* **Directions for this task**
Scan the records for the string "fixes" and copy every line that holds it.

(Items from a data source)
——————
(* Let $(\mathfrak h\oplus\mathfrak h^*,[\cdot,\cdot],[\![\cdot,\cdot,\cdot]\!];\omega_p)$ be a phase space of a Lie-Yamaguti algebra $(\mathfrak h,[\cdot,\cdot]_{\mathfrak h},[\![\cdot,\cdot,\cdot]\!]_{\mathfrak h})$, and let $(\mathfrak h\oplus\mathfrak h^*,*,\{\cdot,\cdot,\cdot\})$ be its compatible pre-Lie-Yamaguti algebra, defined by $\omega_p(X*Y,Z)=-\omega_p(Y,[X,Z])$ and $\omega_p(\{X,Y,Z\},W)=\omega_p(X,[\![W,Z,Y]\!])$ for $X,Y,Z,W\in\mathfrak h\oplus\mathfrak h^*$. Then both $\mathfrak h$ and $\mathfrak h^*$ are closed under $*$ and $\{\cdot,\cdot,\cdot\}$, i.e. $(\mathfrak h,*|_{\mathfrak h},\{\cdot,\cdot,\cdot\}|_{\mathfrak h})$ and $(\mathfrak h^*,*|_{\mathfrak h^*},\{\cdot,\cdot,\cdot\}|_{\mathfrak h^*})$ are subalgebras of the pre-Lie-Yamaguti algebra $(\mathfrak h\oplus\mathfrak h^*,*,\{\cdot,\cdot,\cdot\})$.
   Context: All vector spaces are over a field of characteristic $0$ and finite-dimensional. A Lie-Yamaguti algebra is a vector space $\mathfrak g$ with a bilinear skew-symmetric $[\cdot,\cdot]$ and a trilinear $[\![\cdot,\cdot,\cdot]\!]$ skew-symmetric in its first two arguments such that for all $x,y,z,w,t$: (1) $[[x,y],z]+[[y,z],x]+[[z,x],y]+[\![x,y,z]\!]+[\![y,z,x]\!]+[\![z,x,y]\!]=0$; (2) $[\![[x,y],z,w]\!]+[\![[y,z],x,w]\!]+[\![[z,x],y,w]\!]=0$; (3) $[\![x,y,[z,w]]\!]=[[\![x,y,z]\!],w]+[z,[\![x,y,w]\!]]$; (4) $[\![x,y,[\![z,w,t]\!]]\!]=[\![[\![x,y,z]\!],w,t]\!]+[\![z,[\![x,y,w]\!],t]\!]+[\![z,w,[\![x,y,t]\!]]\!]$. A symplectic structure on it is a nondegenerate skew-symmetric bilinear form $\omega$ with $\omega(x,[y,z])+\omega(y,[z,x])+\omega(z,[x,y])=0$ and $\omega(z,[\![x,y,w]\!])-\omega(x,[\![w,z,y]\!])+\omega(y,[\![w,z,x]\!])-\omega(w,[\![x,y,z]\!])=0$; for a symplectic Lie-Yamaguti algebra, the two displayed formulas define a pre-Lie-Yamaguti algebra structure whose subadjacent Lie-Yamaguti algebra is the given one (its compatible pre-Lie-Yamaguti algebra). On $\mathfrak h\oplus\mathfrak h^*$, $\omega_p(x+\alpha,y+\beta)=\langle\alpha,y\rangle-\langle\beta,x\rangle$. A phase space of $\mathfrak h$ is a Lie-Yamaguti algebra structure on $\mathfrak h\oplus\mathfrak h^*$ for which $\omega_p$ is a symplectic structure and such that $\mathfrak h$ (with its original brackets) and $\mathfrak h^*$ are Lie-Yamaguti subalgebras. A pre-Lie-Yamaguti algebra is a vector space with a bilinear operation $*$ and a trilinear operation $\{\cdot,\cdot,\cdot\}$ satisfying the pre-Lie-Yamaguti axioms; a subalgebra is a subspace closed under both operations. *)

theory Defs
  imports "HOL-Library.Function_Algebras" "HOL-Library.Product_Plus"
begin

definition bilinear_op :: "('k::field \<Rightarrow> 'v::ab_group_add \<Rightarrow> 'v) \<Rightarrow> ('v \<Rightarrow> 'v \<Rightarrow> 'v) \<Rightarrow> bool" where
  "bilinear_op sm B \<longleftrightarrow>
     (\<forall>x y z. B (x + y) z = B x z + B y z) \<and> (\<forall>x y z. B x (y + z) = B x y + B x z) \<and>
     (\<forall>c x y. B (sm c x) y = sm c (B x y)) \<and> (\<forall>c x y. B x (sm c y) = sm c (B x y))"

definition trilinear_op :: "('k::field \<Rightarrow> 'v::ab_group_add \<Rightarrow> 'v) \<Rightarrow> ('v \<Rightarrow> 'v \<Rightarrow> 'v \<Rightarrow> 'v) \<Rightarrow> bool" where
  "trilinear_op sm T \<longleftrightarrow>
     (\<forall>x x' y z. T (x + x') y z = T x y z + T x' y z) \<and>
     (\<forall>x y y' z. T x (y + y') z = T x y z + T x y' z) \<and>
     (\<forall>x y z z'. T x y (z + z') = T x y z + T x y z') \<and>
     (\<forall>c x y z. T (sm c x) y z = sm c (T x y z)) \<and>
     (\<forall>c x y z. T x (sm c y) z = sm c (T x y z)) \<and>
     (\<forall>c x y z. T x y (sm c z) = sm c (T x y z))"

definition bilinear_form :: "('k::field \<Rightarrow> 'v::ab_group_add \<Rightarrow> 'v) \<Rightarrow> ('v \<Rightarrow> 'v \<Rightarrow> 'k) \<Rightarrow> bool" where
  "bilinear_form sm w \<longleftrightarrow>
     (\<forall>x y z. w (x + y) z = w x z + w y z) \<and> (\<forall>x y z. w x (y + z) = w x y + w x z) \<and>
     (\<forall>c x y. w (sm c x) y = c * w x y) \<and> (\<forall>c x y. w x (sm c y) = c * w x y)"

definition LY_algebra :: "('k::field \<Rightarrow> 'v::ab_group_add \<Rightarrow> 'v) \<Rightarrow> ('v \<Rightarrow> 'v \<Rightarrow> 'v) \<Rightarrow> ('v \<Rightarrow> 'v \<Rightarrow> 'v \<Rightarrow> 'v) \<Rightarrow> bool" where
  "LY_algebra sm B T \<longleftrightarrow>
     bilinear_op sm B \<and> trilinear_op sm T \<and>
     (\<forall>x y. B x y = - B y x) \<and>
     (\<forall>x y z. T x y z = - T y x z) \<and>
     (\<forall>x y z. B (B x y) z + B (B y z) x + B (B z x) y + T x y z + T y z x + T z x y = 0) \<and>
     (\<forall>x y z w. T (B x y) z w + T (B y z) x w + T (B z x) y w = 0) \<and>
     (\<forall>x y z w. T x y (B z w) = B (T x y z) w + B z (T x y w)) \<and>
     (\<forall>x y z w t. T x y (T z w t) = T (T x y z) w t + T z (T x y w) t + T z w (T x y t))"

definition symplectic_structure :: "('k::field \<Rightarrow> 'v::ab_group_add \<Rightarrow> 'v) \<Rightarrow> ('v \<Rightarrow> 'v \<Rightarrow> 'v) \<Rightarrow> ('v \<Rightarrow> 'v \<Rightarrow> 'v \<Rightarrow> 'v) \<Rightarrow> ('v \<Rightarrow> 'v \<Rightarrow> 'k) \<Rightarrow> bool" where
  "symplectic_structure sm B T w \<longleftrightarrow>
     bilinear_form sm w \<and>
     (\<forall>x y. w x y = - w y x) \<and>
     (\<forall>x. (\<forall>y. w x y = 0) \<longrightarrow> x = 0) \<and>
     (\<forall>x y z. w x (B y z) + w y (B z x) + w z (B x y) = 0) \<and>
     (\<forall>x y z u. w z (T x y u) - w x (T u z y) + w y (T u z x) - w u (T x y z) = 0)"

text \<open>A finite-dimensional vector space h is modelled as 'n \<Rightarrow> 'k with 'n finite,
its dual h* also as 'n \<Rightarrow> 'k via the standard pairing, and h \<oplus> h* as pairs.\<close>

definition vsm :: "'k::field \<Rightarrow> ('n \<Rightarrow> 'k) \<Rightarrow> ('n \<Rightarrow> 'k)" where
  "vsm c x = (\<lambda>i. c * x i)"

definition psm :: "'k::field \<Rightarrow> ('n \<Rightarrow> 'k) \<times> ('n \<Rightarrow> 'k) \<Rightarrow> ('n \<Rightarrow> 'k) \<times> ('n \<Rightarrow> 'k)" where
  "psm c p = (vsm c (fst p), vsm c (snd p))"

definition dpair :: "('n::finite \<Rightarrow> 'k::field) \<Rightarrow> ('n \<Rightarrow> 'k) \<Rightarrow> 'k" where
  "dpair \<alpha> x = (\<Sum>i\<in>UNIV. \<alpha> i * x i)"

definition omega_p :: "('n::finite \<Rightarrow> 'k::field) \<times> ('n \<Rightarrow> 'k) \<Rightarrow> ('n \<Rightarrow> 'k) \<times> ('n \<Rightarrow> 'k) \<Rightarrow> 'k" where
  "omega_p X Y = dpair (snd X) (fst Y) - dpair (snd Y) (fst X)"

definition h_part :: "(('n \<Rightarrow> 'k::zero) \<times> ('n \<Rightarrow> 'k)) set" where
  "h_part = {p. snd p = 0}"

definition hdual_part :: "(('n \<Rightarrow> 'k::zero) \<times> ('n \<Rightarrow> 'k)) set" where
  "hdual_part = {p. fst p = 0}"

definition phase_space ::
  "(('n::finite \<Rightarrow> 'k::field) \<Rightarrow> ('n \<Rightarrow> 'k) \<Rightarrow> ('n \<Rightarrow> 'k)) \<Rightarrow>
   (('n \<Rightarrow> 'k) \<Rightarrow> ('n \<Rightarrow> 'k) \<Rightarrow> ('n \<Rightarrow> 'k) \<Rightarrow> ('n \<Rightarrow> 'k)) \<Rightarrow>
   (('n \<Rightarrow> 'k) \<times> ('n \<Rightarrow> 'k) \<Rightarrow> ('n \<Rightarrow> 'k) \<times> ('n \<Rightarrow> 'k) \<Rightarrow> ('n \<Rightarrow> 'k) \<times> ('n \<Rightarrow> 'k)) \<Rightarrow>
   (('n \<Rightarrow> 'k) \<times> ('n \<Rightarrow> 'k) \<Rightarrow> ('n \<Rightarrow> 'k) \<times> ('n \<Rightarrow> 'k) \<Rightarrow> ('n \<Rightarrow> 'k) \<times> ('n \<Rightarrow> 'k) \<Rightarrow> ('n \<Rightarrow> 'k) \<times> ('n \<Rightarrow> 'k)) \<Rightarrow> bool" where
  "phase_space Bh Th B T \<longleftrightarrow>
     LY_algebra psm B T \<and> symplectic_structure psm B T omega_p \<and>
     (\<forall>x y. B (x, 0) (y, 0) = (Bh x y, 0)) \<and>
     (\<forall>x y z. T (x, 0) (y, 0) (z, 0) = (Th x y z, 0)) \<and>
     (\<forall>X\<in>hdual_part. \<forall>Y\<in>hdual_part. B X Y \<in> hdual_part) \<and>
     (\<forall>X\<in>hdual_part. \<forall>Y\<in>hdual_part. \<forall>Z\<in>hdual_part. T X Y Z \<in> hdual_part)"

end

theory Submission
  imports Defs
begin

text \<open>Both \<open>h\<close> and \<open>h\<^sup>*\<close> are Lagrangian for \<open>\<omega>\<^sub>p\<close>, i.e. each is its own
\<open>\<omega>\<^sub>p\<close>-orthogonal complement, and both are closed under the brackets. Any such \<open>L\<close> is
closed under the compatible operations: for \<open>X, Y, Z, W \<in> L\<close> the defining identities give
\<open>\<omega>(X * Y, Z) = -\<omega>(Y, [X, Z]) = 0\<close> and \<open>\<omega>({X, Y, Z}, W) = \<omega>(X, [[W, Z, Y]]) = 0\<close>,
so \<open>X * Y\<close> and \<open>{X, Y, Z}\<close> lie in \<open>L\<^sup>\<bottom> = L\<close>.\<close>

definition symp_orth :: "('v \<Rightarrow> 'v \<Rightarrow> 'k::zero) \<Rightarrow> 'v set \<Rightarrow> 'v set" where
  "symp_orth w L = {P. \<forall>Q\<in>L. w P Q = 0}"

lemma compatible_ops_closed_if_Lagrangian:
  fixes w :: "'v \<Rightarrow> 'v \<Rightarrow> 'k::group_add"
  assumes Lagrangian: "symp_orth w L = L"
    and B_closed: "\<And>X Y. X \<in> L \<Longrightarrow> Y \<in> L \<Longrightarrow> B X Y \<in> L"
    and T_closed: "\<And>X Y Z. X \<in> L \<Longrightarrow> Y \<in> L \<Longrightarrow> Z \<in> L \<Longrightarrow> T X Y Z \<in> L"
    and star_def: "\<And>X Y Z. w (star X Y) Z = - w Y (B X Z)"
    and brace_def: "\<And>X Y Z W. w (brace X Y Z) W = w X (T W Z Y)"
  shows "(\<forall>X\<in>L. \<forall>Y\<in>L. star X Y \<in> L) \<and> (\<forall>X\<in>L. \<forall>Y\<in>L. \<forall>Z\<in>L. brace X Y Z \<in> L)"
proof -
  have isotropic: "w P Q = 0" if "P \<in> L" "Q \<in> L" for P Q
    using that Lagrangian by (auto simp: symp_orth_def)
  have "star X Y \<in> symp_orth w L" if "X \<in> L" "Y \<in> L" for X Y
    using that by (simp add: symp_orth_def star_def isotropic B_closed)
  moreover have "brace X Y Z \<in> symp_orth w L" if "X \<in> L" "Y \<in> L" "Z \<in> L" for X Y Z
    using that by (simp add: symp_orth_def brace_def isotropic T_closed)
  ultimately show ?thesis
    using Lagrangian by blast
qed

lemma dpair_indicator_left: "dpair (\<lambda>j. if j = i then 1 else 0) x = x i"
proof -
  have "dpair (\<lambda>j. if j = i then 1 else 0) x = (\<Sum>j\<in>UNIV. if j = i then x j else 0)"
    unfolding dpair_def by (rule sum.cong) auto
  then show ?thesis
    by simp
qed

lemma dpair_indicator_right: "dpair a (\<lambda>j. if j = i then 1 else 0) = a i"
  by (simp add: dpair_def if_distrib cong: if_cong)

lemma dpair_eq_0_left: "(\<And>x. dpair a x = 0) \<Longrightarrow> a = 0"
  by (rule ext) (metis dpair_indicator_right zero_fun_def)

lemma dpair_eq_0_right: "(\<And>a. dpair a x = 0) \<Longrightarrow> x = 0"
  by (rule ext) (metis dpair_indicator_left zero_fun_def)

lemma symp_orth_h_part: "symp_orth omega_p h_part = (h_part :: (('n::finite \<Rightarrow> 'k::field) \<times> _) set)"
proof (intro set_eqI iffI)
  fix P :: "('n \<Rightarrow> 'k) \<times> ('n \<Rightarrow> 'k)"
  assume "P \<in> symp_orth omega_p h_part"
  then have "dpair (snd P) x = 0" for x
    using bspec[of _ _ "(x, 0)"] by (auto simp: symp_orth_def h_part_def omega_p_def dpair_def)
  then show "P \<in> h_part"
    by (simp add: h_part_def dpair_eq_0_left)
qed (auto simp: symp_orth_def h_part_def omega_p_def dpair_def)

lemma symp_orth_hdual_part: "symp_orth omega_p hdual_part = (hdual_part :: (('n::finite \<Rightarrow> 'k::field) \<times> _) set)"
proof (intro set_eqI iffI)
  fix P :: "('n \<Rightarrow> 'k) \<times> ('n \<Rightarrow> 'k)"
  assume "P \<in> symp_orth omega_p hdual_part"
  then have "dpair a (fst P) = 0" for a
    using bspec[of _ _ "(0, a)"] by (auto simp: symp_orth_def hdual_part_def omega_p_def dpair_def)
  then show "P \<in> hdual_part"
    by (simp add: hdual_part_def dpair_eq_0_right)
qed (auto simp: symp_orth_def hdual_part_def omega_p_def dpair_def)

lemma h_part_iff: "X \<in> h_part \<longleftrightarrow> (\<exists>x. X = (x, 0))"
  by (cases X) (simp add: h_part_def)

lemma phase_space_h_part_closed:
  assumes "phase_space Bh Th B T"
  shows "X \<in> h_part \<Longrightarrow> Y \<in> h_part \<Longrightarrow> B X Y \<in> h_part"
    and "X \<in> h_part \<Longrightarrow> Y \<in> h_part \<Longrightarrow> Z \<in> h_part \<Longrightarrow> T X Y Z \<in> h_part"
proof -
  have "B (x, 0) (y, 0) = (Bh x y, 0)" "T (x, 0) (y, 0) (z, 0) = (Th x y z, 0)" for x y z
    using assms by (simp_all add: phase_space_def)
  then show "X \<in> h_part \<Longrightarrow> Y \<in> h_part \<Longrightarrow> B X Y \<in> h_part"
    and "X \<in> h_part \<Longrightarrow> Y \<in> h_part \<Longrightarrow> Z \<in> h_part \<Longrightarrow> T X Y Z \<in> h_part"
    by (auto simp: h_part_iff)
qed

lemma phase_space_hdual_part_closed:
  assumes "phase_space Bh Th B T"
  shows "X \<in> hdual_part \<Longrightarrow> Y \<in> hdual_part \<Longrightarrow> B X Y \<in> hdual_part"
    and "X \<in> hdual_part \<Longrightarrow> Y \<in> hdual_part \<Longrightarrow> Z \<in> hdual_part \<Longrightarrow> T X Y Z \<in> hdual_part"
  using assms unfolding phase_space_def by blast+

theorem corollary4p8:
  fixes Bh :: "('n::finite \<Rightarrow> 'k::field_char_0) \<Rightarrow> ('n \<Rightarrow> 'k) \<Rightarrow> ('n \<Rightarrow> 'k)"
    and Th :: "('n \<Rightarrow> 'k) \<Rightarrow> ('n \<Rightarrow> 'k) \<Rightarrow> ('n \<Rightarrow> 'k) \<Rightarrow> ('n \<Rightarrow> 'k)"
    and B star :: "('n \<Rightarrow> 'k) \<times> ('n \<Rightarrow> 'k) \<Rightarrow> ('n \<Rightarrow> 'k) \<times> ('n \<Rightarrow> 'k) \<Rightarrow> ('n \<Rightarrow> 'k) \<times> ('n \<Rightarrow> 'k)"
    and T brace :: "('n \<Rightarrow> 'k) \<times> ('n \<Rightarrow> 'k) \<Rightarrow> ('n \<Rightarrow> 'k) \<times> ('n \<Rightarrow> 'k) \<Rightarrow> ('n \<Rightarrow> 'k) \<times> ('n \<Rightarrow> 'k) \<Rightarrow> ('n \<Rightarrow> 'k) \<times> ('n \<Rightarrow> 'k)"
  assumes hLY: "LY_algebra vsm Bh Th"
    and phase: "phase_space Bh Th B T"
    and star_def: "\<And>X Y Z. omega_p (star X Y) Z = - omega_p Y (B X Z)"
    and brace_def: "\<And>X Y Z W. omega_p (brace X Y Z) W = omega_p X (T W Z Y)"
  shows "(\<forall>X\<in>h_part. \<forall>Y\<in>h_part. star X Y \<in> h_part) \<and>
         (\<forall>X\<in>h_part. \<forall>Y\<in>h_part. \<forall>Z\<in>h_part. brace X Y Z \<in> h_part) \<and>
         (\<forall>X\<in>hdual_part. \<forall>Y\<in>hdual_part. star X Y \<in> hdual_part) \<and>
         (\<forall>X\<in>hdual_part. \<forall>Y\<in>hdual_part. \<forall>Z\<in>hdual_part. brace X Y Z \<in> hdual_part)"
proof -
  have "(\<forall>X\<in>h_part. \<forall>Y\<in>h_part. star X Y \<in> h_part) \<and>
        (\<forall>X\<in>h_part. \<forall>Y\<in>h_part. \<forall>Z\<in>h_part. brace X Y Z \<in> h_part)"
    by (rule compatible_ops_closed_if_Lagrangian[where w = omega_p and L = h_part and B = B and T = T,
          OF symp_orth_h_part phase_space_h_part_closed[OF phase] star_def brace_def])
  moreover have "(\<forall>X\<in>hdual_part. \<forall>Y\<in>hdual_part. star X Y \<in> hdual_part) \<and>
        (\<forall>X\<in>hdual_part. \<forall>Y\<in>hdual_part. \<forall>Z\<in>hdual_part. brace X Y Z \<in> hdual_part)"
    by (rule compatible_ops_closed_if_Lagrangian[where w = omega_p and L = hdual_part and B = B and T = T,
          OF symp_orth_hdual_part phase_space_hdual_part_closed[OF phase] star_def brace_def])
  ultimately show ?thesis
    by blast
qed

end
——————
* **Solution**
  fixes w :: "'v \<Rightarrow> 'v \<Rightarrow> 'k::group_add"
  fixes Bh :: "('n::finite \<Rightarrow> 'k::field_char_0) \<Rightarrow> ('n \<Rightarrow> 'k) \<Rightarrow> ('n \<Rightarrow> 'k)"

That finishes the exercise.